HH: The unlikeliest presidential candidate in 2016 was in fact a brain surgeon, and one of the most admired brain surgeons in America, Dr. Ben Carson. Dr. Carson, of course, didn’t receive the nomination, but he did forge a friendship with President Trump. And when asked to serve, he agreed to helm the Department of Housing and Urban Development. Dr. Carson, thank you for joining me.
BC: Thank you.
HH: Very quickly, you’ve gone to the front of the emergency response team to Houston. You’ve been down there to Houston. You’re now working on Florida. But take us back to Harvey and the aftermath. What did you see and how did it encourage your or discourage you about America?
BC: Well, I think probably the thing that was most impressive when I drove up to the convention center where they were housing a lot of hurricane refugees, there were signs up that said please, no more donations. We can’t handle any more. And when you went in there, just so much stuff, it was amazing, and volunteers, people coming out, but also in some of the neighborhoods that we were able to get into and just see all the stacks of debris in front of people’s houses, but that they were helping each other. Neighbors were going and we’re going to do this house, then we’re going to do and do this house. And that spirit of cooperation is wonderful, particularly in light of the division that we’ve seen in the country recently, because that’s now who we are.
HH: Do you think that division is overstated? I mean, the media loves…
BC: Oh, it’s not overstated, no.
HH: It’s not overstated?
BC: No, I mean, it, there really is a lot of division in this country, but it’s not because the people are bad people. It’s because people are stoking the fires. You know, somebody said something, and oh, do you hear that they say? You know, remember when you were in school in the third grade on the playground, and everybody was having a peaceful time, and then somebody would come up and say did you hear what he said about your momma? You know, that kind of thing is stoking the flames.
HH: Well, when you see a Harvey response, the response to Florida, the response to any kind of disaster, it makes me recall that the American people are generous and good.
HH: And that genuinely generous and good. You’re a man of faith. Do you believe that that faith animates most of that generosity?

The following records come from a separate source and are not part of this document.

(* Let $(p,l)$ be an irregular pair. For even $m\ge 2$ put $Q(m)=\operatorname{num}\!\left(\frac{B_m}{m}\right)\Big/\operatorname{num}\!\left(\frac{B_m}{m(m-1)}\right)$, and define \[ A(p)=\min_{k\in\mathbb{N}_0}\left\{\, m=l+k(p-1) \;:\; Q(m)=p \,\right\}. \] Then $A(p)=(l-1)p+1$ holds, and this is the smallest possible value, if and only if one of the following cases holds: (1) $l-1$ has no irregular prime factors; (2) every irregular prime divisor $q$ of $l-1$ satisfies $q\nmid B_{(l-1)p+1}/((l-1)p+1)$ (i.e. $q$ does not divide the numerator of this rational number).
   Context: $B_n$ denotes the $n$-th Bernoulli number, defined by $\frac{z}{e^z-1}=\sum_{n\ge0}B_n\frac{z^n}{n!}$. For a rational number $r$, $\operatorname{num}(r)$ is its numerator (in lowest terms). For an odd prime $p$, a pair $(p,l)$ is an irregular pair if $l$ is even, $2\le l\le p-3$ and $p\mid B_l$. An odd prime $p$ is irregular if there is at least one irregular pair $(p,l)$. *)

theory Defs
  imports "HOL-Computational_Algebra.Computational_Algebra"
begin

definition bernoulli :: "nat \<Rightarrow> rat" where
  "bernoulli n = fact n * fps_nth (fps_X / (fps_exp 1 - 1)) n"

definition num :: "rat \<Rightarrow> int" where
  "num r = fst (quotient_of r)"

definition irregular_pair :: "nat \<Rightarrow> nat \<Rightarrow> bool" where
  "irregular_pair p l \<longleftrightarrow> prime p \<and> odd p \<and> even l \<and> 2 \<le> l \<and> l + 3 \<le> p
     \<and> int p dvd num (bernoulli l)"

definition irregular_prime :: "nat \<Rightarrow> bool" where
  "irregular_prime p \<longleftrightarrow> prime p \<and> odd p \<and> (\<exists>l. irregular_pair p l)"

definition Q :: "nat \<Rightarrow> rat" where
  "Q m = of_int (num (bernoulli m / of_nat m))
         / of_int (num (bernoulli m / (of_nat m * (of_nat m - 1))))"

definition A_set :: "nat \<Rightarrow> nat \<Rightarrow> nat set" where
  "A_set p l = {m. \<exists>k::nat. m = l + k * (p - 1) \<and> Q m = of_nat p}"

definition A :: "nat \<Rightarrow> nat \<Rightarrow> nat" where
  "A p l = (LEAST m. m \<in> A_set p l)"

end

BC: I think it has a lot to do with it, because you think historically, whenever there’s a disaster in the world, who’s at the front of the line to aid people? We are. And you look at the number of places that we have that give out aid, you look at the early history of this country when we had these incredibly rich people, the Vanderbilts, the Carnegies and Mellons, the Rockefellers, you know, in Europe, those people horded money and passed it down from generation to generation. What did the people in this country do? They built the Trans-Continental Railroad, the ports, the textile mills, the factories, promoted the growth of the most dynamic economy there ever was, built libraries and universities. You know, it’s the way we are. I think that’s one of the reasons that we rose to the pinnacle of the world in record time.
HH: We also had a small government. Now we have a large government. In fact, a couple of weeks ago, you got $15 billion dollars in relief aid for Harvey. I think half of that, or some amazing amount of money, went to HUD. Can you control the corruption that inevitably follows that much money from the federal government?
BC: Well, that is something that I’ve been working on very hard in the six months that I’ve been there putting safeguards into place. You know, we’re reimagining the way that HUD actually works and bringing personal responsibility to people in various segments. I believe you’re going to see a lot less of that from now on.
HH: Gosh, I hope you’re right. Let me ask you about a specific group. I always ask you about that.
HH: Adults with disabilities – housing them is very difficult. There is the Able Act. People are waiting for regs from HUD to do, I think, one thing if I understand it correctly, which is not count housing assistance from family against their Able Act mandated limits before they go off disability. When are those regs going to show up? What are you doing for this population which is expanding so quickly?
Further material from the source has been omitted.